Data to examine:
- Opening Delimiter -

lemma finite_reidemeister_classes:
  assumes "\<phi> \<in> hom G G" and "finite S" and "S \<subseteq> carrier G"
    and "\<And>g. g \<in> carrier G \<Longrightarrow> \<exists>k\<in>carrier G. \<exists>s\<in>S. g = k \<otimes> s \<otimes> \<phi> (inv k)"
  shows "finite (reidemeister_classes G \<phi>)"
proof -
  have "twisted_class G \<phi> g \<in> twisted_class G \<phi> ` S" if g: "g \<in> carrier G" for g
  proof -
    obtain k s where "k \<in> carrier G" "s \<in> S" and "g = k \<otimes> s \<otimes> \<phi> (inv k)"
      using assms(4)[OF g] by blast
    then have "twisted_class G \<phi> g = twisted_class G \<phi> s"
      using assms(1,3) twisted_class_conj by blast
    with \<open>s \<in> S\<close> show ?thesis by blast
  qed
  then have "reidemeister_classes G \<phi> \<subseteq> twisted_class G \<phi> ` S"
    by (auto simp: reidemeister_classes_eq)
  then show ?thesis
    using assms(2) by (rule finite_subset[OF _ finite_imageI])
qed

end

section \<open>The automorphism\<close>

definition scale_reflect :: "nat \<Rightarrow> int \<Rightarrow> wreath_elem \<Rightarrow> wreath_elem" where
  "scale_reflect p c = (\<lambda>(f, y). ((\<lambda>x. (c * f (\<lambda>i. - x i)) mod int p), (\<lambda>i. - y i)))"

lemma scale_reflect_closed:
  assumes "p > 0" and "(f, y) \<in> carrier (wreath p k)"
  shows "scale_reflect p c (f, y) \<in> carrier (wreath p k)"
proof -
  have F: "Zk_supported k (\<lambda>x. f (\<lambda>i. 0 - x i))"
    using assms by (intro Zk_supported_reflect[of k f "\<lambda>i. 0"]) (auto simp: wreath_carrier_iff Zk_def)
  from F F have "Zk_supported k (\<lambda>x. (c * f (\<lambda>i. - x i)) mod int p)"
    by (rule Zk_supported_combine) auto
  then show ?thesis
    using assms by (simp add: scale_reflect_def wreath_carrier_iff Zk_def)
qed

lemma scale_reflect_hom:
  assumes "p > 0"
  shows "scale_reflect p c \<in> hom (wreath p k) (wreath p k)"
proof (rule homI)
  fix g assume "g \<in> carrier (wreath p k)"
  then show "scale_reflect p c g \<in> carrier (wreath p k)"
    using scale_reflect_closed[OF assms] by (cases g) auto
next
  fix g h
  show "scale_reflect p c (g \<otimes>\<^bsub>wreath p k\<^esub> h) =
        scale_reflect p c g \<otimes>\<^bsub>wreath p k\<^esub> scale_reflect p c h"
    by (cases g, cases h) (simp add: scale_reflect_def wreath_mult fun_eq_iff mod_simps distrib_left)
qed

lemma scale_reflect_inverse:
  assumes "(c * d) mod int p = 1" and "(f, y) \<in> carrier (wreath p k)"
  shows "scale_reflect p c (scale_reflect p d (f, y)) = (f, y)"
proof -
  have "(c * d * f x) mod int p = f x" for x
  proof -
    have "(c * d * f x) mod int p = ((c * d) mod int p * f x) mod int p"
      by (simp add: mod_mult_left_eq)
    also have "\<dots> = f x"
      using assms by (simp add: wreath_carrier_iff)
    finally show ?thesis .
  qed
  then show ?thesis
    by (simp add: scale_reflect_def fun_eq_iff mod_simps mult.assoc)
qed

lemma scale_reflect_iso:
  assumes "p > 0" and "(c * d) mod int p = 1"
  shows "scale_reflect p c \<in> iso (wreath p k) (wreath p k)"
proof -
  have "bij_betw (scale_reflect p c) (carrier (wreath p k)) (carrier (wreath p k))"
  proof (rule bij_betw_byWitness[where f' = "scale_reflect p d"])
    show "\<forall>g\<in>carrier (wreath p k). scale_reflect p d (scale_reflect p c g) = g"
      "\<forall>g\<in>carrier (wreath p k). scale_reflect p c (scale_reflect p d g) = g"
      using assms(2) scale_reflect_inverse[of d c] scale_reflect_inverse[of c d]
      by (auto simp: mult.commute)
  qed (use scale_reflect_closed[OF assms(1)] in auto)
  then show ?thesis
    using scale_reflect_hom[OF assms(1)] by (simp add: iso_def)
qed

lemma scale_reflect_twisted_conj:
  assumes "p > 0" and "(u, v) \<in> carrier (wreath p k)"
  shows "(u, v) \<otimes>\<^bsub>wreath p k\<^esub> ((\<lambda>x. 0), y0) \<otimes>\<^bsub>wreath p k\<^esub>
           scale_reflect p c (inv\<^bsub>wreath p k\<^esub> (u, v))
       = ((\<lambda>x. (u x - c * u (\<lambda>i. 2 * v i + y0 i - x i)) mod int p), (\<lambda>i. 2 * v i + y0 i))"
  using assms
  by (simp add: inv_wreath wreath_inv_def wreath_mult scale_reflect_def fun_eq_iff mod_simps
      algebra_simps)

lemma mod_diff_mult_mod:
  fixes a b c m :: "'a :: euclidean_ring_cancel"
  shows "(a - b * (c mod m)) mod m = (a - b * c) mod m"
  by (metis mod_diff_right_eq mod_mult_right_eq)

lemma twisted_conj_representative:
  assumes "p > 0" and "(3 * c) mod int p = 1" and "(a, y) \<in> carrier (wreath p k)"
  shows "\<exists>h\<in>carrier (wreath p k).
           (a, y) = h \<otimes>\<^bsub>wreath p k\<^esub> ((\<lambda>x. 0), (\<lambda>i. y i mod 2)) \<otimes>\<^bsub>wreath p k\<^esub>
                    scale_reflect p 2 (inv\<^bsub>wreath p k\<^esub> h)"
proof -
  have a: "Zk_supported k a" "\<And>x. a x \<in> {0..<int p}" and "y \<in> Zk k"
    using assms(3) by (simp_all add: wreath_carrier_iff)
  define v where "v = (\<lambda>i. y i div 2)"
  define u where "u = (\<lambda>x. (- c * (a x + 2 * a (\<lambda>i. y i - x i))) mod int p)"
  from a(1) \<open>y \<in> Zk k\<close> have "Zk_supported k (\<lambda>x. a (\<lambda>i. y i - x i))"
    by (rule Zk_supported_reflect)
  then have "Zk_supported k u"
    by (rule Zk_supported_combine[OF a(1)]) (auto simp: u_def)
  then have u: "(u, v) \<in> carrier (wreath p k)"
    using \<open>p > 0\<close> \<open>y \<in> Zk k\<close> by (simp add: wreath_carrier_iff u_def v_def Zk_def)
  have "(u x - 2 * u (\<lambda>i. y i - x i)) mod int p = a x" for x
  proof -
    have "(u x - 2 * u (\<lambda>i. y i - x i)) mod int p =
          (- c * (a x + 2 * a (\<lambda>i. y i - x i)) - 2 * (- c * (a (\<lambda>i. y i - x i) + 2 * a x))) mod int p"
      by (simp add: u_def mod_simps mod_diff_mult_mod)
    also have "\<dots> = (3 * c * a x) mod int p"
      by (rule arg_cong[where f = "\<lambda>t. t mod int p"]) algebra
    also have "\<dots> = ((3 * c) mod int p * a x) mod int p"
      by (simp add: mod_mult_left_eq)
    also have "\<dots> = a x"
      using assms(2) a(2)[of x] by simp
    finally show ?thesis .
  qed
  moreover have "(\<lambda>i. 2 * v i + y i mod 2) = y"
    by (simp add: v_def fun_eq_iff)
  ultimately have "(u, v) \<otimes>\<^bsub>wreath p k\<^esub> ((\<lambda>x. 0), (\<lambda>i. y i mod 2)) \<otimes>\<^bsub>wreath p k\<^esub>
                     scale_reflect p 2 (inv\<^bsub>wreath p k\<^esub> (u, v)) = (a, y)"
    by (simp add: scale_reflect_twisted_conj[OF \<open>p > 0\<close> u] fun_eq_iff)
  with u show ?thesis by metis
qed

lemma finite_Zk_binary: "finite {y :: nat \<Rightarrow> int. y \<in> Zk k \<and> (\<forall>i. y i \<in> {0, 1})}"
proof -
  have "y = (\<lambda>i. if i \<in> {i. i < k \<and> y i = 1} then 1 else 0)"
    if "y \<in> Zk k" and "\<forall>i. y i \<in> {0, 1}" for y :: "nat \<Rightarrow> int"
    using that by (force simp: Zk_def fun_eq_iff not_less)
  then have "{y :: nat \<Rightarrow> int. y \<in> Zk k \<and> (\<forall>i. y i \<in> {0, 1})} \<subseteq>
             (\<lambda>s i. if i \<in> s then 1 else 0) ` Pow {..<k}"
    by blast
  then show ?thesis
    by (rule finite_subset) simp
qed

lemma prime_gt_3_inverse_3:
  assumes "prime p" and "p > 3"
  shows "\<exists>c. (3 * c) mod int p = 1"
proof -
  have "coprime (3::int) (int p)"
    using assms by (intro primes_coprime) auto
  then obtain c where "[3 * c = 1] (mod int p)"
    using cong_solve_coprime_int by blast
  then show ?thesis
    using assms(2) by (auto simp: cong_def)
qed

lemma two_inverse_mod_odd:
  assumes "odd p" and "p > 1"
  shows "(2 * ((int p + 1) div 2)) mod int p = 1"
proof -
  from \<open>odd p\<close> obtain m where "p = 2 * m + 1"
    by (blast elim: oddE)
  then have "2 * ((int p + 1) div 2) = int p + 1"
    by simp
  moreover have "(int p + 1) mod int p = 1"
    using \<open>p > 1\<close> by (simp add: mod_add_self1)
  ultimately show ?thesis
    by simp
qed

lemma finite_reidemeister_classes_scale_reflect_2:
  assumes "p > 0" and "(3 * c) mod int p = 1"
  shows "finite (reidemeister_classes (wreath p k) (scale_reflect p 2))"
proof -
  let ?S = "(\<lambda>y. ((\<lambda>x. 0), y)) ` {y. y \<in> Zk k \<and> (\<forall>i. y i \<in> {0, 1})}"
  show ?thesis
  proof (rule group.finite_reidemeister_classes[OF group_wreath[OF \<open>p > 0\<close>]])
    show "scale_reflect p 2 \<in> hom (wreath p k) (wreath p k)"
      using \<open>p > 0\<close> by (rule scale_reflect_hom)
    show "finite ?S" and "?S \<subseteq> carrier (wreath p k)"
      using \<open>p > 0\<close> finite_Zk_binary by (auto simp: wreath_carrier_iff)
    fix g assume "g \<in> carrier (wreath p k)"
    moreover obtain a y where g: "g = (a, y)"
      by (cases g)
    ultimately obtain h where "h \<in> carrier (wreath p k)"
      and "g = h \<otimes>\<^bsub>wreath p k\<^esub> ((\<lambda>x. 0), (\<lambda>i. y i mod 2)) \<otimes>\<^bsub>wreath p k\<^esub>
               scale_reflect p 2 (inv\<^bsub>wreath p k\<^esub> h)"
      using twisted_conj_representative[OF assms] by blast
    moreover have "((\<lambda>x. 0), (\<lambda>i. y i mod 2)) \<in> ?S"
      using \<open>g \<in> carrier (wreath p k)\<close> by (auto simp: g wreath_carrier_iff Zk_def)
    ultimately show "\<exists>h\<in>carrier (wreath p k). \<exists>s\<in>?S.
        g = h \<otimes>\<^bsub>wreath p k\<^esub> s \<otimes>\<^bsub>wreath p k\<^esub> scale_reflect p 2 (inv\<^bsub>wreath p k\<^esub> h)"
      by blast
  qed
qed

theorem theorem3p5:
  fixes p k :: nat
  assumes "prime p" and "p > 3" and "k \<ge> 1"
  shows "(\<exists>\<phi>\<in>iso (wreath p k) (wreath p k).
            finite (reidemeister_classes (wreath p k) \<phi>))
         \<and> \<not> has_R_infty (wreath p k)"
proof -
  have "p > 0" and "odd p"
    using assms prime_odd_nat[of p] by auto
  with \<open>p > 3\<close> have "scale_reflect p 2 \<in> iso (wreath p k) (wreath p k)"
    by (intro scale_reflect_iso[where d = "(int p + 1) div 2"] two_inverse_mod_odd) auto
  moreover obtain c where "(3 * c) mod int p = 1"
    using prime_gt_3_inverse_3[OF assms(1,2)] by blast
  with \<open>p > 0\<close> have "finite (reidemeister_classes (wreath p k) (scale_reflect p 2))"
    by (rule finite_reidemeister_classes_scale_reflect_2)
  ultimately show ?thesis
    unfolding has_R_infty_def by blast
qed

end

- Closing Delimiter -

Aim of the exercise:
Go through the lines above and copy any that contain "subseteq".

Output below:
  assumes "\<phi> \<in> hom G G" and "finite S" and "S \<subseteq> carrier G"
  then have "reidemeister_classes G \<phi> \<subseteq> twisted_class G \<phi> ` S"
  then have "{y :: nat \<Rightarrow> int. y \<in> Zk k \<and> (\<forall>i. y i \<in> {0, 1})} \<subseteq>
    show "finite ?S" and "?S \<subseteq> carrier (wreath p k)"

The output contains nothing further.